((

lemma alpha_power_order_ideal:
  assumes pos: "\<forall>i. 0 < a i"
  shows "alpha_ideal (power_order_ideal a 1 :: ('v::finite, 'k::field) mpoly set) = Min (range a)"
  unfolding alpha_ideal_def
proof (rule Least_equality)
  obtain i0 where i0: "a i0 = Min (range a)"
    by (rule Min_range_obtain)
  let ?f = "var_pow i0 (a i0) :: ('v, 'k) mpoly"
  have "?f \<in> power_order_ideal a 1"
    using pos by (intro var_pow_in_power_order_ideal) simp
  moreover have "?f \<noteq> 0"
    unfolding var_pow_def by (metis lookup_single_eq lookup_zero zero_neq_one)
  moreover have "homogeneous_of (Min (range a)) ?f"
    unfolding homogeneous_of_def var_pow_def using pos i0 by (simp add: mon_deg_def)
  ultimately show "\<exists>f\<in>power_order_ideal a 1 :: ('v, 'k) mpoly set. f \<noteq> 0 \<and> homogeneous_of (Min (range a)) f"
    by blast
next
  fix d assume "\<exists>f\<in>power_order_ideal a 1 :: ('v, 'k) mpoly set. f \<noteq> 0 \<and> homogeneous_of d f"
  then obtain f :: "('v, 'k) mpoly" where f: "f \<in> power_order_ideal a 1" "f \<noteq> 0" "homogeneous_of d f"
    by blast
  then obtain m where m: "m \<in> Poly_Mapping.keys f"
    by fastforce
  then have "0 < power_order a m"
    using f(1) unfolding power_order_ideal_def monomial_ideal_def by auto
  then obtain i where "a i \<le> Poly_Mapping.lookup m i"
    using power_order_pos_imp_ex by blast
  have "Min (range a) \<le> a i"
    by simp
  also have "\<dots> \<le> Poly_Mapping.lookup m i"
    by fact
  also have "\<dots> \<le> mon_deg m"
    unfolding mon_deg_eq_sum by (rule member_le_sum) simp_all
  also have "mon_deg m = d"
    using f(3) m unfolding homogeneous_of_def by blast
  finally show "Min (range a) \<le> d" .
qed

theorem proposition4p13:
  fixes a :: "'v::finite \<Rightarrow> nat" and n :: nat
  assumes "\<forall>i. a i > 0"
    and "n \<ge> 1"
    and "I = ideal_gen (range (\<lambda>i. var_pow i (a i) :: ('v, 'k::field) mpoly))"
  shows "v_number (ideal_pow I (n + 1)) = v_number I + n * alpha_ideal I"
proof -
  have "I = ideal_pow I 1"
    unfolding assms(3) by (rule ideal_pow_1[OF is_ideal_ideal_gen, symmetric])
  also have "\<dots> = power_order_ideal a 1"
    by (rule ideal_pow_pure_powers[OF assms(1,3)])
  finally have I: "I = power_order_ideal a 1" .
  \<comment> \<open>The identity also holds for n = 0.\<close>
  have "ideal_pow I (n + 1) = power_order_ideal a (n + 1)"
    by (rule ideal_pow_pure_powers[OF assms(1,3)])
  then show ?thesis
    using v_number_power_order_ideal[OF assms(1), where 'k = 'k, of n]
      v_number_power_order_ideal[OF assms(1), where 'k = 'k, of 0]
      alpha_power_order_ideal[OF assms(1), where 'k = 'k]
    unfolding I by simp
qed

end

))

**Task instructions:** After locating the line holding "(power_order_ideal a 1" above, output exactly that line and every line after it through the line holding "unfolding homogeneous_of_def var_pow_def". Include nothing else.

**Solution to the exercise:**
  shows "alpha_ideal (power_order_ideal a 1 :: ('v::finite, 'k::field) mpoly set) = Min (range a)"
  unfolding alpha_ideal_def
proof (rule Least_equality)
  obtain i0 where i0: "a i0 = Min (range a)"
    by (rule Min_range_obtain)
  let ?f = "var_pow i0 (a i0) :: ('v, 'k) mpoly"
  have "?f \<in> power_order_ideal a 1"
    using pos by (intro var_pow_in_power_order_ideal) simp
  moreover have "?f \<noteq> 0"
    unfolding var_pow_def by (metis lookup_single_eq lookup_zero zero_neq_one)
  moreover have "homogeneous_of (Min (range a)) ?f"
    unfolding homogeneous_of_def var_pow_def using pos i0 by (simp add: mon_deg_def)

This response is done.